◆ Problem to solve ◆
Retype each record shown below, leaving every character as it is.

◆ Data extract ◆
theorem theorem1:
  fixes M :: "'a measure" and m :: nat and n :: "nat \<Rightarrow> nat" and \<mu> :: "nat \<Rightarrow> real"
    and X :: "nat \<Rightarrow> nat \<Rightarrow> 'a \<Rightarrow> real" and N1 :: "nat \<Rightarrow> 'a \<Rightarrow> nat set" and i :: nat
  assumes "prob_space M"
    and "m \<ge> 1"
    and "\<forall>k<m. n k \<ge> 2"
    and "\<forall>k<m. \<forall>j<n k. X k j \<in> borel_measurable M"
    and "\<forall>k<m. \<forall>j<n k. integrable M (\<lambda>\<omega>. X k j \<omega> - \<mu> k) \<and> (\<integral>\<omega>. X k j \<omega> - \<mu> k \<partial>M) = 0"
    and "\<forall>k<m. \<forall>\<omega>\<in>space M. N1 k \<omega> \<subseteq> {..<n k} \<and> card (N1 k \<omega>) = (n k + 1) div 2"
    and "(\<lambda>\<omega>. \<lambda>k\<in>{..<m}. N1 k \<omega>) \<in> M \<rightarrow>\<^sub>M PiM {..<m} (\<lambda>_. count_space UNIV)"
    and "\<forall>A\<in>sets (PiM {..<m} (\<lambda>_. count_space UNIV)).
         \<forall>B\<in>sets (PiM {..<m} (\<lambda>k. PiM {..<n k} (\<lambda>_. borel))).
           measure M {\<omega>\<in>space M. (\<lambda>k\<in>{..<m}. N1 k \<omega>) \<in> A \<and>
                                   (\<lambda>k\<in>{..<m}. \<lambda>j\<in>{..<n k}. X k j \<omega>) \<in> B}
           = measure M {\<omega>\<in>space M. (\<lambda>k\<in>{..<m}. N1 k \<omega>) \<in> A} *
             measure M {\<omega>\<in>space M. (\<lambda>k\<in>{..<m}. \<lambda>j\<in>{..<n k}. X k j \<omega>) \<in> B}"
    and "i < m" and "\<mu> i = 0"
    and "\<exists>f :: (nat \<Rightarrow> nat \<Rightarrow> real) \<Rightarrow> real \<Rightarrow> real.
           (\<lambda>(y, x). f y x) \<in> borel_measurable (others_space m n i \<Otimes>\<^sub>M borel) \<and>
           (\<forall>y x. f y x \<ge> 0) \<and>
           (\<forall>y\<in>space (others_space m n i). (\<integral>\<^sup>+ x. ennreal (f y x) \<partial>lborel) = 1) \<and>
           (\<forall>y x. f y (- x) = f y x) \<and>
           (\<forall>A\<in>sets (others_space m n i). \<forall>B\<in>sets (PiM {..<n i} (\<lambda>_. borel)).
              emeasure M {\<omega>\<in>space M. others_data m n X i \<omega> \<in> A \<and>
                                      (\<lambda>j\<in>{..<n i}. X i j \<omega> - \<mu> i) \<in> B}
              = (\<integral>\<^sup>+ \<omega>. indicator A (others_data m n X i \<omega>) *
                    (\<integral>\<^sup>+ e. indicator B e * (\<Prod>j<n i. ennreal (f (others_data m n X i \<omega>) (e j)))
                       \<partial>PiM {..<n i} (\<lambda>_. lborel)) \<partial>M))"
  shows "\<forall>A\<in>sets (borel :: (real \<times> real) measure).
           AE \<omega> in M.
             real_cond_exp M (cond_alg M m n N1 X i) (\<lambda>\<omega>. indicator A (TT n N1 X i \<omega>)) \<omega>
           = real_cond_exp M (cond_alg M m n N1 X i) (\<lambda>\<omega>. indicator A (prod.swap (TT n N1 X i \<omega>))) \<omega>"
proof -
  interpret random_partition_model M m n X N1 i
    by (intro random_partition_model.intro random_partition_model_axioms.intro)
      (use assms(1,4,6,7,9) in blast)+
  obtain f :: "(nat \<Rightarrow> nat \<Rightarrow> real) \<Rightarrow> real \<Rightarrow> real" where
    f_meas: "(\<lambda>(y, x). f y x) \<in> borel_measurable (others_space m n i \<Otimes>\<^sub>M borel)"
    and f_even: "\<forall>y x. f y (- x) = f y x"
    and density: "\<forall>D\<in>sets (others_space m n i). \<forall>B\<in>sets (PiM {..<n i} (\<lambda>_. borel)).
      emeasure M {\<omega>\<in>space M. others_data m n X i \<omega> \<in> D \<and> (\<lambda>j\<in>{..<n i}. X i j \<omega> - \<mu> i) \<in> B}
      = (\<integral>\<^sup>+ \<omega>. indicator D (others_data m n X i \<omega>) *
          (\<integral>\<^sup>+ e. indicator B e * (\<Prod>j<n i. ennreal (f (others_data m n X i \<omega>) (e j)))
             \<partial>PiM {..<n i} (\<lambda>_. lborel)) \<partial>M)"
    using assms(11) by blast
  interpret null_unit_model M m n X N1 i
  proof unfold_locales
    show "emeasure M {\<omega>\<in>space M. others_data m n X i \<omega> \<in> D \<and> sign_flip b (own_data \<omega>) \<in> B}
        = emeasure M {\<omega>\<in>space M. others_data m n X i \<omega> \<in> D \<and> own_data \<omega> \<in> B}"
      if "b \<subseteq> {..<n i}" and "D \<in> sets (others_space m n i)" and "B \<in> sets (PiM {..<n i} (\<lambda>_. borel))"
      for b D B
      using measurable_others_data measurable_own_data finite_lessThan that(1) _ _ _ that(2,3)
    proof (rule emeasure_sign_flip_eq_of_symmetric_density)
      show "f y \<in> borel_measurable borel" if "y \<in> space (others_space m n i)" for y
        using measurable_Pair2[OF f_meas that] by simp
    qed (use f_even density \<open>\<mu> i = 0\<close> in simp_all)
  qed (use assms(8) in blast)
  show ?thesis
    using AE_cond_prob_TT_swap by blast
qed

end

◆ Reply to the exercise ◆
theorem theorem1:
  fixes M :: "'a measure" and m :: nat and n :: "nat \<Rightarrow> nat" and \<mu> :: "nat \<Rightarrow> real"
    and X :: "nat \<Rightarrow> nat \<Rightarrow> 'a \<Rightarrow> real" and N1 :: "nat \<Rightarrow> 'a \<Rightarrow> nat set" and i :: nat
  assumes "prob_space M"
    and "m \<ge> 1"
    and "\<forall>k<m. n k \<ge> 2"
    and "\<forall>k<m. \<forall>j<n k. X k j \<in> borel_measurable M"
    and "\<forall>k<m. \<forall>j<n k. integrable M (\<lambda>\<omega>. X k j \<omega> - \<mu> k) \<and> (\<integral>\<omega>. X k j \<omega> - \<mu> k \<partial>M) = 0"
    and "\<forall>k<m. \<forall>\<omega>\<in>space M. N1 k \<omega> \<subseteq> {..<n k} \<and> card (N1 k \<omega>) = (n k + 1) div 2"
    and "(\<lambda>\<omega>. \<lambda>k\<in>{..<m}. N1 k \<omega>) \<in> M \<rightarrow>\<^sub>M PiM {..<m} (\<lambda>_. count_space UNIV)"
    and "\<forall>A\<in>sets (PiM {..<m} (\<lambda>_. count_space UNIV)).
         \<forall>B\<in>sets (PiM {..<m} (\<lambda>k. PiM {..<n k} (\<lambda>_. borel))).
           measure M {\<omega>\<in>space M. (\<lambda>k\<in>{..<m}. N1 k \<omega>) \<in> A \<and>
                                   (\<lambda>k\<in>{..<m}. \<lambda>j\<in>{..<n k}. X k j \<omega>) \<in> B}
           = measure M {\<omega>\<in>space M. (\<lambda>k\<in>{..<m}. N1 k \<omega>) \<in> A} *
             measure M {\<omega>\<in>space M. (\<lambda>k\<in>{..<m}. \<lambda>j\<in>{..<n k}. X k j \<omega>) \<in> B}"
    and "i < m" and "\<mu> i = 0"
    and "\<exists>f :: (nat \<Rightarrow> nat \<Rightarrow> real) \<Rightarrow> real \<Rightarrow> real.
           (\<lambda>(y, x). f y x) \<in> borel_measurable (others_space m n i \<Otimes>\<^sub>M borel) \<and>
           (\<forall>y x. f y x \<ge> 0) \<and>
           (\<forall>y\<in>space (others_space m n i). (\<integral>\<^sup>+ x. ennreal (f y x) \<partial>lborel) = 1) \<and>
           (\<forall>y x. f y (- x) = f y x) \<and>
           (\<forall>A\<in>sets (others_space m n i). \<forall>B\<in>sets (PiM {..<n i} (\<lambda>_. borel)).
              emeasure M {\<omega>\<in>space M. others_data m n X i \<omega> \<in> A \<and>
                                      (\<lambda>j\<in>{..<n i}. X i j \<omega> - \<mu> i) \<in> B}
              = (\<integral>\<^sup>+ \<omega>. indicator A (others_data m n X i \<omega>) *
                    (\<integral>\<^sup>+ e. indicator B e * (\<Prod>j<n i. ennreal (f (others_data m n X i \<omega>) (e j)))
                       \<partial>PiM {..<n i} (\<lambda>_. lborel)) \<partial>M))"
  shows "\<forall>A\<in>sets (borel :: (real \<times> real) measure).
           AE \<omega> in M.
             real_cond_exp M (cond_alg M m n N1 X i) (\<lambda>\<omega>. indicator A (TT n N1 X i \<omega>)) \<omega>
           = real_cond_exp M (cond_alg M m n N1 X i) (\<lambda>\<omega>. indicator A (prod.swap (TT n N1 X i \<omega>))) \<omega>"
proof -
  interpret random_partition_model M m n X N1 i
    by (intro random_partition_model.intro random_partition_model_axioms.intro)
      (use assms(1,4,6,7,9) in blast)+
  obtain f :: "(nat \<Rightarrow> nat \<Rightarrow> real) \<Rightarrow> real \<Rightarrow> real" where
    f_meas: "(\<lambda>(y, x). f y x) \<in> borel_measurable (others_space m n i \<Otimes>\<^sub>M borel)"
    and f_even: "\<forall>y x. f y (- x) = f y x"
    and density: "\<forall>D\<in>sets (others_space m n i). \<forall>B\<in>sets (PiM {..<n i} (\<lambda>_. borel)).
      emeasure M {\<omega>\<in>space M. others_data m n X i \<omega> \<in> D \<and> (\<lambda>j\<in>{..<n i}. X i j \<omega> - \<mu> i) \<in> B}
      = (\<integral>\<^sup>+ \<omega>. indicator D (others_data m n X i \<omega>) *
          (\<integral>\<^sup>+ e. indicator B e * (\<Prod>j<n i. ennreal (f (others_data m n X i \<omega>) (e j)))
             \<partial>PiM {..<n i} (\<lambda>_. lborel)) \<partial>M)"
    using assms(11) by blast
  interpret null_unit_model M m n X N1 i
  proof unfold_locales
    show "emeasure M {\<omega>\<in>space M. others_data m n X i \<omega> \<in> D \<and> sign_flip b (own_data \<omega>) \<in> B}
        = emeasure M {\<omega>\<in>space M. others_data m n X i \<omega> \<in> D \<and> own_data \<omega> \<in> B}"
      if "b \<subseteq> {..<n i}" and "D \<in> sets (others_space m n i)" and "B \<in> sets (PiM {..<n i} (\<lambda>_. borel))"
      for b D B
      using measurable_others_data measurable_own_data finite_lessThan that(1) _ _ _ that(2,3)
    proof (rule emeasure_sign_flip_eq_of_symmetric_density)
      show "f y \<in> borel_measurable borel" if "y \<in> space (others_space m n i)" for y
        using measurable_Pair2[OF f_meas that] by simp
    qed (use f_even density \<open>\<mu> i = 0\<close> in simp_all)
  qed (use assms(8) in blast)
  show ?thesis
    using AE_cond_prob_TT_swap by blast
qed

end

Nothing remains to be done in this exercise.